切手の糊の味
百種類以上の品揃えがあると思われるチーズ屋さん。
ホテルに戻って朝食を取った後、私は、昨夜家族に書いた絵葉書を出しに行くことにしました。ホテルのフロントで郵便局の場所を聞いて、そこへ着いたときは九時五分。九時から開いた郵便局の、私は十四人目の客でした。どうして分かるかというと、私の取った番号札が十四番だったからです。私の順番になり、三枚の絵葉書を出し、
「一枚は日本で、二枚は英国。」
と窓口の若い男性に伝えます。彼は、引き出しから三枚の切手を取り出し、それを一枚ずつ丁寧に舌で舐めて、絵葉書に貼ってくれました。普通、郵便局の窓口には、水で湿したスポンジが置いてあり、切手はそれで濡らして貼ってくれるでしょう。
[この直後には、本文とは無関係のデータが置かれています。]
lemma index_pairs_reach_letter_perm:
  assumes "(k, I) \<in> index_pairs (reach n)" "j \<in> {1..n}"
  shows "(letter_perm j k, letter_perm j ` I) \<in> index_pairs (reach n)"
proof -
  obtain b where reached: "qstate k I b \<in> reach n" using assms(1) by (auto simp: index_pairs_def)
  with assms(2) have "sd_edge n j (qstate k I b)
      (qstate (letter_perm j k) (letter_perm j ` I) (\<exists>m\<in>I. j \<le> m))"
    using sd_edge_from_qstate[OF admissible_of_reach reached] by simp
  then show ?thesis using sd_edge_target_reach unfolding index_pairs_def by blast
qed

lemma index_pairs_reach_permutes:
  assumes "(k, I) \<in> index_pairs (reach n)" "p permutes {1..n}"
  shows "(p k, p ` I) \<in> index_pairs (reach n)"
proof -
  have "1 \<in> {1..n}"
    using admissible_of_reach assms(1) by (force simp: index_pairs_def admissible_def)
  have "p \<in> {p. (p k, p ` I) \<in> index_pairs (reach n)}"
  proof (rule permutes_in_star_closure[OF assms(2) finite_atLeastAtMost \<open>1 \<in> {1..n}\<close>])
    show "id \<in> {p. (p k, p ` I) \<in> index_pairs (reach n)}" using assms(1) by simp
    fix j g
    assume "j \<in> {1..n}" "g \<in> {p. (p k, p ` I) \<in> index_pairs (reach n)}"
    then show "letter_perm j \<circ> g \<in> {p. (p k, p ` I) \<in> index_pairs (reach n)}"
      using index_pairs_reach_letter_perm[of "g k" "g ` I" n j] by (simp add: image_comp)
  qed
  then show ?thesis by simp
qed

lemma admissible_in_index_pairs_reach:
  assumes "admissible n k I"
  shows "(k, I) \<in> index_pairs (reach n)"
proof -
  define c where "c = card I"
  have k: "k \<in> {1..n}" "I \<subseteq> {1..n} - {k}" using assms by (auto simp: admissible_def)
  have "card I \<le> card ({1..n} - {k})" using k by (intro card_mono) auto
  then have "c < n" using k by (auto simp: c_def)
  then have "sd_edge n 1 (S, {}) (qstate (c + 1) {1..c} False)" by (auto simp: sd_edge_from_S)
  then have "(c + 1, {1..c}) \<in> index_pairs (reach n)"
    using sd_edge_target_reach unfolding index_pairs_def by blast
  moreover obtain p where "p permutes {1..n}" "p (c + 1) = k" "p ` {1..c} = I"
    using permutes_onto_pointed_subset[of "{1..n}" "{1..c}" I "c + 1" k] k \<open>c < n\<close>
    by (auto simp: c_def)
  ultimately show ?thesis using index_pairs_reach_permutes[of "c + 1" "{1..c}" n p] by simp
qed

lemma qstate_True_in_reach:
  assumes "admissible n k I" "I \<noteq> {}"
  shows "qstate k I True \<in> reach n"
proof -
  obtain b where reached: "qstate k I b \<in> reach n"
    using admissible_in_index_pairs_reach[OF assms(1)] by (auto simp: index_pairs_def)
  have "1 \<in> {1..n}" "\<exists>m\<in>I. 1 \<le> m" using assms by (auto simp: admissible_def)
  then have "sd_edge n 1 (qstate k I b) (qstate k I True)"
    using sd_edge_from_qstate[OF assms(1) reached] by simp
  then show ?thesis by (rule sd_edge_target_reach)
qed

lemma qstate_False_in_reach:
  assumes "admissible n k I" "1 \<notin> I"
  shows "qstate k I False \<in> reach n"
proof -
  have n: "n \<in> {1..n}" using assms(1) by (auto simp: admissible_def)
  note adm = admissible_letter_perm[OF assms(1) n]
  obtain b where reached: "qstate (letter_perm n k) (letter_perm n ` I) b \<in> reach n"
    using admissible_in_index_pairs_reach[OF adm] by (auto simp: index_pairs_def)
  have "\<not> (\<exists>m\<in>letter_perm n ` I. n \<le> m)"
    using assms by (auto simp: admissible_def transpose_def)
  then have "sd_edge n n (qstate (letter_perm n k) (letter_perm n ` I) b) (qstate k I False)"
    using sd_edge_from_qstate[OF adm reached] n by (simp add: image_comp)
  then show ?thesis by (rule sd_edge_target_reach)
qed

lemma Fin_state_in_reach_via:
  assumes "admissible n k I" "j \<in> {1..n}" "j \<le> k" "\<forall>m\<in>I. m < j"
  shows "(Fin, Q ` letter_perm j ` insert k I) \<in> reach n"
proof -
  obtain b where reached: "qstate k I b \<in> reach n"
    using admissible_in_index_pairs_reach[OF assms(1)] by (auto simp: index_pairs_def)
  then have "sd_edge n j (qstate k I b) (Fin, Q ` letter_perm j ` insert k I)"
    using sd_edge_from_qstate[OF assms(1) reached] assms(2-4) by simp
  then show ?thesis by (rule sd_edge_target_reach)
qed

lemma letter_perm_image_remove:
  assumes "1 \<in> W" "j \<in> W"
  shows "letter_perm j ` (W - {j}) = W - {1}"
proof (cases "j = 1")
  case False
  have "W - {j} = insert 1 (W - {1, j})" using assms(1) False by auto
  moreover have "letter_perm j ` (W - {1, j}) = W - {1, j}"
    by (rule image_cong[OF refl, where g = id, simplified]) simp
  ultimately show ?thesis using assms(2) False by auto
qed simp
lemma A_alpha_capacity_difference:
  fixes A :: "real^'n^'n"
  assumes q\<^sub>\<alpha>: "dirichlet_solution U g (mat 1 - A_alpha \<alpha> A) q\<^sub>\<alpha>"
    and q\<^sub>\<beta>: "dirichlet_solution U g (mat 1 - A_alpha \<beta> A) q\<^sub>\<beta>"
  shows "(\<alpha> - \<beta>) * (q\<^sub>\<beta> \<bullet> ((mat 1 - A_alpha \<beta> A) *v q\<^sub>\<beta>) - q\<^sub>\<alpha> \<bullet> ((mat 1 - A_alpha \<alpha> A) *v q\<^sub>\<alpha>))
    = (1 - \<alpha> - \<beta>) * dirichlet_form A (q\<^sub>\<beta> - q\<^sub>\<alpha>)"
proof -
  define d where "d = q\<^sub>\<beta> - q\<^sub>\<alpha>"
  have d_U: "i \<in> U \<Longrightarrow> d$i = 0" for i
    using q\<^sub>\<alpha> q\<^sub>\<beta> unfolding dirichlet_solution_def d_def by simp
  have eq\<^sub>\<alpha>: "d \<bullet> ((mat 1 - A_alpha \<alpha> A) *v q\<^sub>\<alpha>) = 0"
    using q\<^sub>\<alpha> unfolding dirichlet_solution_def by (intro inner_eq_0_disjoint_support d_U) auto
  have eq\<^sub>\<beta>: "d \<bullet> ((mat 1 - A_alpha \<beta> A) *v q\<^sub>\<beta>) = 0"
    using q\<^sub>\<beta> unfolding dirichlet_solution_def by (intro inner_eq_0_disjoint_support d_U) auto
  have q\<^sub>\<beta>_eq: "q\<^sub>\<beta> = q\<^sub>\<alpha> + d" unfolding d_def by simp
  define n where "n = q\<^sub>\<alpha> \<bullet> d"
  define a where "a = q\<^sub>\<alpha> \<bullet> (A *v d)"
  define a' where "a' = d \<bullet> (A *v q\<^sub>\<alpha>)"
  define e where "e = d \<bullet> (A *v d)"
  have eq\<^sub>\<alpha>': "n - \<alpha> * a' - (1 - \<alpha>) * a = 0"
    using eq\<^sub>\<alpha> unfolding A_alpha_laplacian_mult inner_diff_right inner_scaleR_right
      inner_transpose_mult n_def a_def a'_def by (simp add: inner_commute)
  have eq\<^sub>\<beta>': "n + d \<bullet> d - \<beta> * (a' + e) - (1 - \<beta>) * (a + e) = 0"
    using eq\<^sub>\<beta> unfolding q\<^sub>\<beta>_eq A_alpha_laplacian_mult inner_diff_right inner_scaleR_right
      inner_transpose_mult matrix_vector_right_distrib inner_add_left inner_add_right
      n_def a_def a'_def e_def by (simp add: inner_commute algebra_simps)
  have "q\<^sub>\<beta> \<bullet> ((mat 1 - A_alpha \<beta> A) *v q\<^sub>\<beta>) - q\<^sub>\<alpha> \<bullet> ((mat 1 - A_alpha \<alpha> A) *v q\<^sub>\<alpha>)
      = dirichlet_form A (q\<^sub>\<alpha> + d) - dirichlet_form A q\<^sub>\<alpha>"
    by (simp only: inner_A_alpha_laplacian_self q\<^sub>\<beta>_eq)
  also have "\<dots> = 2 * n - a - a' + d \<bullet> d - e"
    unfolding dirichlet_form_def matrix_vector_right_distrib inner_add_left inner_add_right
      n_def a_def a'_def e_def
    by (simp add: inner_commute)
  moreover have "(\<alpha> - \<beta>) * (2 * n - a - a' + d \<bullet> d - e) = (1 - \<alpha> - \<beta>) * (d \<bullet> d - e)"
  proof -
    have "(\<alpha> - \<beta>) * (2 * n - a - a' + d \<bullet> d - e) - (1 - \<alpha> - \<beta>) * (d \<bullet> d - e)
        = (1 - 2 * \<beta>) * (n - \<alpha> * a' - (1 - \<alpha>) * a)
          + (2 * \<alpha> - 1) * (n + d \<bullet> d - \<beta> * (a' + e) - (1 - \<beta>) * (a + e))"
      by (simp add: algebra_simps)
    then show ?thesis unfolding eq\<^sub>\<alpha>' eq\<^sub>\<beta>' by simp
  qed
  ultimately show ?thesis by (simp add: dirichlet_form_def d_def[symmetric] e_def[symmetric])
qed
そもそも、郵便局の職員が、全部切手を舐めていたら、数時間後には、口の中が糊でネチョネチョになると思いませんか。
「美味しい?」
と思わず私は窓口のお兄さんに尋ねました。
「こんな美味い朝飯食べたの初めて。」
とお兄さんが答えたので、局中が大爆笑。
十時から「ルーベンスハウス」が開くというので、私はホテルを出て、昨日通った商店街に入り、ルーベンスハウスと書いてある方向に折れました。広い石畳の通りの真ん中にガラス張りの建物があって、そこで切符を買ったり、荷物を預けたりするようです。その通りには、土曜日ということでマーケットが出ていました。私は時間まで、マーケットを見て歩きました。野菜、果物、花、チーズ、パン、肉とソーセージ、衣料品などの屋台が出ており、ヨーロッパではお馴染みの光景です。オランダに近いこともあって、チーズ屋さんには色々なチーズが並んでいて、なかなか見応えがあります。
十時ちょうどにルーベンスハウスの切符売り場に行くと、そこにいたのは私ともうひとりの男性のふたりだけでした。ルーベンスハウスは「アントワープ随一の観光スポット」と聞いていたので、混むといけないので早めに行ったのですが、そんな心配は無用のようです。
「十ユーロで、『コンビ』の切符をお買い求めになると、ルーベンスハウスの他に、別の美術館や大聖堂にも入れますよ。」
と窓口の男性が言うので、
「じゃ、それ。」
と言って買います。五箇所以上行けて、たった十ユーロというのは安いと思いませんか。私は、そのときまだ、周りに建っている家の、どれが「ルーベンスハウス」か知らなかったのです。
「こっちですよ。」
と言われて、褐色の石造りの家の門を潜って中に入りました。そこはすぐに中庭になっていました。
ルーベンスハウスの入り口。彼は二十五年間ここに住んでいたとのことです。